Look through the entries below, please, and copy every line with the word "fixes".

Recorded data>

[Start of Attachment]

lemma exp_mult_le_linear_plus_exp_sym:
  fixes y l \<delta> :: real
  assumes "0 < \<delta>" "0 \<le> l" "l * \<delta> \<le> 1"
  shows "exp (l * y) \<le> 1 + l * y + 2 * (l * \<delta>)\<^sup>2 * (exp (2 / \<delta> * y) + exp (2 / \<delta> * - y))"
proof -
  define u where "u = \<bar>y\<bar> / \<delta>"
  define s where "s = l * \<delta>"
  have u: "0 \<le> u" and s: "0 \<le> s" "s \<le> 1"
    using assms by (auto simp: u_def s_def)
  have ly: "\<bar>l * y\<bar> = s * u"
    using assms by (simp add: u_def s_def abs_mult)
  have exp_2u: "exp (2 * u) \<le> exp (2 / \<delta> * y) + exp (2 / \<delta> * - y)"
    by (cases "0 \<le> y") (simp_all add: u_def)
  have sq: "(l * y)\<^sup>2 = (s * u)\<^sup>2"
    using ly by (metis power2_abs)
  have "exp \<bar>l * y\<bar> \<le> exp u"
    using ly s u by (simp add: mult_left_le_one_le)
  then have "(l * y)\<^sup>2 / 2 * exp \<bar>l * y\<bar> \<le> (s * u)\<^sup>2 / 2 * exp u"
    unfolding sq by (intro mult_left_mono) auto
  also have "\<dots> = s\<^sup>2 * (u\<^sup>2 * exp u) / 2"
    by (simp add: power_mult_distrib)
  also have "\<dots> \<le> s\<^sup>2 * (4 * exp u * exp u) / 2"
    using power2_le_4_exp[OF u] by (intro divide_right_mono mult_left_mono) auto
  also have "\<dots> = 2 * s\<^sup>2 * exp (2 * u)"
    by (simp add: mult_exp_exp)
  also have "\<dots> \<le> 2 * s\<^sup>2 * (exp (2 / \<delta> * y) + exp (2 / \<delta> * - y))"
    using exp_2u by (intro mult_left_mono) auto
  finally show ?thesis
    using exp_le_second_order_taylor[of "l * y"] by (simp add: s_def)
qed

lemma integrable_if_nn_integral_le:
  fixes f :: "'a \<Rightarrow> real"
  assumes "f \<in> borel_measurable M" "\<And>x. 0 \<le> f x" "0 \<le> B"
    and "(\<integral>\<^sup>+x. ennreal (f x) \<partial>M) \<le> ennreal B"
  shows "integrable M f" "integral\<^sup>L M f \<le> B"
proof -
  have "(\<integral>\<^sup>+x. ennreal (norm (f x)) \<partial>M) < \<infinity>"
    using assms(2,4) by (simp add: order.strict_trans1)
  then show f: "integrable M f"
    using assms(1) by (rule integrableI_bounded[rotated])
  have "ennreal (integral\<^sup>L M f) \<le> ennreal B"
    using nn_integral_eq_integral[OF f] assms by simp
  then show "integral\<^sup>L M f \<le> B"
    using assms(3) by simp
qed

lemma measure_gt_eq_0_if_mgf_bounded:
  fixes Y :: "'a \<Rightarrow> real"
  assumes "finite_measure M" and [measurable]: "Y \<in> borel_measurable M"
    and "0 < a" "0 \<le> C"
    and bound: "\<And>l. 0 < l \<Longrightarrow> (\<integral>\<^sup>+x. ennreal (exp (l * Y x)) \<partial>M) \<le> ennreal C"
  shows "measure M {x\<in>space M. a < Y x} = 0"
proof -
  interpret finite_measure M by fact
  define N where "N = {x\<in>space M. a < Y x}"
  define p where "p = measure M N"
  have N [measurable]: "N \<in> sets M"
    unfolding N_def by measurable
  have markov: "p * (1 + l * a) \<le> C" if "0 < l" for l
  proof -
    have "ennreal (exp (l * a)) * emeasure M N = (\<integral>\<^sup>+x. ennreal (exp (l * a)) * indicator N x \<partial>M)"
      by (simp add: nn_integral_cmult_indicator)
    also have "\<dots> \<le> (\<integral>\<^sup>+x. ennreal (exp (l * Y x)) \<partial>M)"
      using \<open>0 < l\<close> by (intro nn_integral_mono) (auto simp: N_def indicator_def)
    also have "\<dots> \<le> ennreal C"
      using bound[OF \<open>0 < l\<close>] .
    finally have "ennreal (exp (l * a) * p) \<le> ennreal C"
      by (simp add: p_def emeasure_eq_measure ennreal_mult)
    then have "exp (l * a) * p \<le> C"
      using \<open>0 \<le> C\<close> by simp
    moreover have "p * (1 + l * a) \<le> p * exp (l * a)"
      by (intro mult_left_mono exp_ge_add_one_self) (simp add: p_def)
    ultimately show ?thesis
      by (simp add: mult.commute)
  qed
  show ?thesis
  proof (rule ccontr)
    assume "measure M {x\<in>space M. a < Y x} \<noteq> 0"
    then have "0 < p"
      by (simp add: p_def N_def zero_less_measure_iff)
    have "p * (1 + (C + 1) / (a * p) * a) \<le> C"
      using \<open>0 < p\<close> \<open>0 < a\<close> \<open>0 \<le> C\<close> by (intro markov) simp
    moreover have "p * (1 + (C + 1) / (a * p) * a) = p + (C + 1)"
      using \<open>0 < p\<close> \<open>0 < a\<close> by (simp add: field_simps)
    ultimately show False
      using \<open>0 < p\<close> by linarith
  qed
qed
(* For every integer $m\geq 2$, $$\frac{H_{m+1}}{\log 2}-0.35<e_m<\frac{H_{m+1}}{\log 2}-0.31.$$
   Context: $H_n=\sum_{j=1}^{n}\frac1j$ denotes the $n$-th harmonic number. The sequence $(e_m)_{m\geq0}$ of rational numbers is defined by $e_0=0$ and, for $m\geq1$, $$e_m=\frac{2^{m+1}+\sum_{j=1}^{m}\binom{m+1}{j}e_{m-j}}{2^{m+1}-2}.$$ *)

theory Defs
  imports "HOL-Analysis.Analysis"
begin

function e_seq :: "nat \<Rightarrow> rat" where
  "e_seq m = (if m = 0 then 0 else
     (2 ^ (m + 1) + (\<Sum>j\<in>{1..m}. of_nat ((m + 1) choose j) * e_seq (m - j)))
       / (2 ^ (m + 1) - 2))"
  by auto
termination
  by (relation "Wellfounded.measure id") auto

declare e_seq.simps [simp del]

end

theory Submission
  imports Defs
begin

(*
  With n = m + 1 and E n = e_(n-1), the claim is that the defect s n = E n ln 2 - H n lies
  strictly between -0.35 ln 2 and -0.31 ln 2 for n >= 3.  Since
  sum_k C(n,k) H_k = 2^n (H_n - sum_(j=1..n) 1/(j 2^j)), the defect satisfies the binomial
  recurrence of E with the forcing term 2^n (ln 2 - sum_(j=1..n) 1/(j 2^j)) + H n in [0, n + 1].
  The cases n <= 14 are checked numerically.  Beyond, induction keeps s 4, ..., s n in the window
  shrunk by the margin n^3 / (40 2^n): in the recurrence for (2^n - 2) (s n - c) the terms with
  k >= 4 have the right sign, the others contribute at most n^3/100, and the drop of the margin
  from n - 1 to n absorbs this.
*)

lemma e_seq_eq_sum_lessThan:
  assumes "1 \<le> m"
  shows "e_seq m
    = (2 ^ (m + 1) + (\<Sum>k<m. of_nat ((m + 1) choose (k + 1)) * e_seq k)) / (2 ^ (m + 1) - 2)"
proof -
  have "(\<Sum>j=1..m. of_nat ((m + 1) choose j) * e_seq (m - j))
      = (\<Sum>k<m. of_nat ((m + 1) choose (k + 1)) * (e_seq k :: rat))"
  proof (rule sum.reindex_bij_witness[where i="\<lambda>k. m - k" and j="\<lambda>j. m - j"])
    fix j assume "j \<in> {1..m}"
    then have "(m + 1) choose (m - j + 1) = (m + 1) choose j"
      by (subst binomial_symmetric) (auto simp: Suc_diff_le)
    then show "of_nat ((m + 1) choose (m - j + 1)) * e_seq (m - j)
        = of_nat ((m + 1) choose j) * e_seq (m - j)"
      by simp
  qed auto
  with assms show ?thesis
    by (subst e_seq.simps) simp
qed

lemma e_seq_values:
  "e_seq 0 = 0" "e_seq 1 = 2" "e_seq 2 = 7/3" "e_seq 3 = 8/3" "e_seq 4 = 133/45"
  "e_seq 5 = 16/5" "e_seq 6 = 3221/945" "e_seq 7 = 3392/945" "e_seq 8 = 100391/26775"
  "e_seq 9 = 20848/5355" "e_seq 10 = 163287/40579" "e_seq 11 = 7567072/1826055"
  "e_seq 12 = 10605587147/2492565075" "e_seq 13 = 1551804656/356080725"
proof -
  note eval = e_seq_eq_sum_lessThan lessThan_nat_numeral binomial_fact fact_numeral
  show e0: "e_seq 0 = 0" by (simp add: e_seq.simps)
  show e1: "e_seq 1 = 2" by (subst e_seq.simps) (simp add: e0)
  show e2: "e_seq 2 = 7/3" by (simp add: eval e0 e1)
  show e3: "e_seq 3 = 8/3" by (simp add: eval e0 e1 e2)
  show e4: "e_seq 4 = 133/45" by (simp add: eval e0 e1 e2 e3)
  show e5: "e_seq 5 = 16/5" by (simp add: eval e0 e1 e2 e3 e4)
  show e6: "e_seq 6 = 3221/945" by (simp add: eval e0 e1 e2 e3 e4 e5)
  show e7: "e_seq 7 = 3392/945" by (simp add: eval e0 e1 e2 e3 e4 e5 e6)
  show e8: "e_seq 8 = 100391/26775" by (simp add: eval e0 e1 e2 e3 e4 e5 e6 e7)
  show e9: "e_seq 9 = 20848/5355" by (simp add: eval e0 e1 e2 e3 e4 e5 e6 e7 e8)
  show e10: "e_seq 10 = 163287/40579" by (simp add: eval e0 e1 e2 e3 e4 e5 e6 e7 e8 e9)
  show e11: "e_seq 11 = 7567072/1826055" by (simp add: eval e0 e1 e2 e3 e4 e5 e6 e7 e8 e9 e10)
  show e12: "e_seq 12 = 10605587147/2492565075"
    by (simp add: eval e0 e1 e2 e3 e4 e5 e6 e7 e8 e9 e10 e11)
  show "e_seq 13 = 1551804656/356080725"
    by (simp add: eval e0 e1 e2 e3 e4 e5 e6 e7 e8 e9 e10 e11 e12)
qed

definition e_shifted :: "nat \<Rightarrow> real" where
  "e_shifted n = real_of_rat (e_seq (n - 1))"

lemma e_shifted_recurrence:
  assumes "2 \<le> n"
  shows "(2 ^ n - 2) * e_shifted n = 2 ^ n + (\<Sum>k=1..n-1. real (n choose k) * e_shifted k)"
proof -
  have "(\<Sum>k<n-1. of_nat (n choose (k + 1)) * e_seq k)
      = (\<Sum>k=1..n-1. of_nat (n choose k) * (e_seq (k - 1) :: rat))"
    by (rule sum.reindex_bij_witness[where i="\<lambda>k. k - 1" and j="\<lambda>k. k + 1"]) auto
  moreover have "(2::rat) ^ n - 2 \<noteq> 0"
    using assms power_inject_exp[of "2::rat" n 1] by simp
  ultimately have "(2 ^ n - 2) * e_seq (n - 1)
      = 2 ^ n + (\<Sum>k=1..n-1. of_nat (n choose k) * e_seq (k - 1))"
    using assms e_seq_eq_sum_lessThan[of "n - 1"] by simp
  then have "real_of_rat ((2 ^ n - 2) * e_seq (n - 1))
      = real_of_rat (2 ^ n + (\<Sum>k=1..n-1. of_nat (n choose k) * e_seq (k - 1)))"
    by (rule arg_cong)
  then show ?thesis
    by (simp add: e_shifted_def of_rat_mult of_rat_add of_rat_sum of_rat_diff of_rat_power)
qed

lemma sum_choose_Suc:
  fixes f :: "nat \<Rightarrow> 'a::comm_semiring_1"
  shows "(\<Sum>k\<le>Suc n. of_nat (Suc n choose k) * f k)
       = (\<Sum>k\<le>n. of_nat (n choose k) * (f k + f (Suc k)))"
proof -
  have shifted: "(\<Sum>k\<le>n. of_nat (n choose Suc k) * f (Suc k)) + f 0
      = (\<Sum>k\<le>n. of_nat (n choose k) * f k)"
  proof -
    have "(\<Sum>k\<le>Suc n. of_nat (n choose k) * f k) = (\<Sum>k\<le>n. of_nat (n choose k) * f k)"
      by (simp add: binomial_eq_0)
    then show ?thesis
      by (simp only: sum.atMost_Suc_shift) (simp add: add.commute)
  qed
  have "(\<Sum>k\<le>Suc n. of_nat (Suc n choose k) * f k)
      = f 0 + (\<Sum>k\<le>n. of_nat (n choose k) * f (Suc k)) + (\<Sum>k\<le>n. of_nat (n choose Suc k) * f (Suc k))"
    by (simp add: sum.atMost_Suc_shift sum.distrib distrib_right add.assoc del: sum.atMost_Suc)
  also have "\<dots> = (\<Sum>k\<le>n. of_nat (n choose k) * f k) + (\<Sum>k\<le>n. of_nat (n choose k) * f (Suc k))"
    unfolding shifted[symmetric] by (simp only: ac_simps)
  also have "\<dots> = (\<Sum>k\<le>n. of_nat (n choose k) * (f k + f (Suc k)))"
    by (simp add: sum.distrib distrib_left)
  finally show ?thesis .
qed

lemma sum_choose_divide_Suc:
  "(\<Sum>k\<le>n. real (n choose k) / real (Suc k)) = (2 ^ Suc n - 1) / real (Suc n)"
proof -
  have "(\<Sum>k\<le>n. real (n choose k) / real (Suc k)) = (\<Sum>k\<le>n. real (Suc n choose Suc k)) / real (Suc n)"
    unfolding sum_divide_distrib
  proof (rule sum.cong)
    fix k
    have "real (Suc n) * real (n choose k) = real (Suc n choose Suc k) * real (Suc k)"
      using Suc_times_binomial_eq[of n k] by (metis of_nat_mult)
    then show "real (n choose k) / real (Suc k) = real (Suc n choose Suc k) / real (Suc n)"
      by (simp add: field_simps)
  qed simp
  also have "(\<Sum>k\<le>n. real (Suc n choose Suc k)) = 2 ^ Suc n - 1"
  proof -
    have "1 + (\<Sum>k\<le>n. Suc n choose Suc k) = 2 ^ Suc n"
      using choose_row_sum[of "Suc n"] by (simp only: sum.atMost_Suc_shift) simp
    then have "real (1 + (\<Sum>k\<le>n. Suc n choose Suc k)) = 2 ^ Suc n"
      by simp
    then show ?thesis
      by (simp del: binomial_Suc_Suc)
  qed
  finally show ?thesis .
qed

lemma sum_atMost_split_ends:
  fixes g :: "nat \<Rightarrow> 'a::comm_monoid_add"
  assumes "1 \<le> n"
  shows "(\<Sum>k\<le>n. g k) = g 0 + (\<Sum>k=1..n-1. g k) + g n"
proof -
  have "{..n} = insert 0 (insert n {1..n-1})"
    using assms by auto
  then show ?thesis
    using assms by (simp add: ac_simps)
qed

lemma sum_atLeastAtMost_split_first_three:
  fixes g :: "nat \<Rightarrow> 'a::comm_monoid_add"
  assumes "4 \<le> n"
  shows "(\<Sum>k=1..n-1. g k) = g 1 + g 2 + g 3 + (\<Sum>k\<in>{4..<n}. g k)"
proof -
  have "{1..n-1} = insert 1 (insert 2 (insert 3 {4..<n}))"
    using assms by auto
  then show ?thesis
    by (simp add: ac_simps)
qed

lemma binomial_le_pow_div_fact: "real (n choose k) \<le> real n ^ k / fact k"
proof -
  have "real (n choose k) * fact k \<le> real n ^ k"
    using binomial_fact_pow[of n k] by (metis of_nat_fact of_nat_le_iff of_nat_mult of_nat_power)
  then show ?thesis
    by (simp add: field_simps)
qed

lemma harm_le_self: "harm n \<le> real n"
proof -
  have "harm n \<le> (\<Sum>k=1..n. 1 :: real)"
    unfolding harm_def by (rule sum_mono) (simp add: inverse_le_1_iff)
  then show ?thesis
    by simp
qed

definition ln2_partial :: "nat \<Rightarrow> real" where
  "ln2_partial n = (\<Sum>j=1..n. 1 / (real j * 2 ^ j))"

lemma sum_choose_harm:
  "(\<Sum>k\<le>n. real (n choose k) * harm k) = 2 ^ n * (harm n - ln2_partial n)"
proof (induction n)
  case 0
  then show ?case by (simp add: ln2_partial_def harm_def)
next
  case (Suc n)
  have "(\<Sum>k\<le>Suc n. real (Suc n choose k) * harm k)
      = (\<Sum>k\<le>n. real (n choose k) * (2 * harm k + 1 / real (Suc k)))"
    by (simp add: sum_choose_Suc harm_Suc inverse_eq_divide
        del: of_nat_Suc sum.atMost_Suc binomial_Suc_Suc)
  also have "\<dots> = 2 * (\<Sum>k\<le>n. real (n choose k) * harm k) + (\<Sum>k\<le>n. real (n choose k) / real (Suc k))"
    by (simp add: sum.distrib distrib_left sum_distrib_left mult_ac del: of_nat_Suc)
  also have "\<dots> = 2 * (2 ^ n * (harm n - ln2_partial n)) + (2 ^ Suc n - 1) / real (Suc n)"
    unfolding Suc.IH sum_choose_divide_Suc ..
  also have "\<dots> = 2 ^ Suc n * (harm (Suc n) - ln2_partial (Suc n))"
    by (simp add: harm_Suc ln2_partial_def field_simps del: of_nat_Suc)
  finally show ?case .
qed

lemma ln2_sums: "(\<lambda>j. 1 / (real j * 2 ^ j)) sums ln 2"
proof -
  have "(\<lambda>j. - ((1/2) ^ j / real j)) sums ln (1 - 1/2 :: real)"
    using ln_series'[of "-1/2"] by simp
  then have "(\<lambda>j. (1/2) ^ j / real j) sums ln 2"
    using sums_minus by (fastforce simp: ln_div)
  then show ?thesis
    by (simp add: field_simps)
qed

[End of Attachment]

Solution for this exercise>
  fixes y l \<delta> :: real
  fixes f :: "'a \<Rightarrow> real"
  fixes Y :: "'a \<Rightarrow> real"
  fixes f :: "nat \<Rightarrow> 'a::comm_semiring_1"
  fixes g :: "nat \<Rightarrow> 'a::comm_monoid_add"
  fixes g :: "nat \<Rightarrow> 'a::comm_monoid_add"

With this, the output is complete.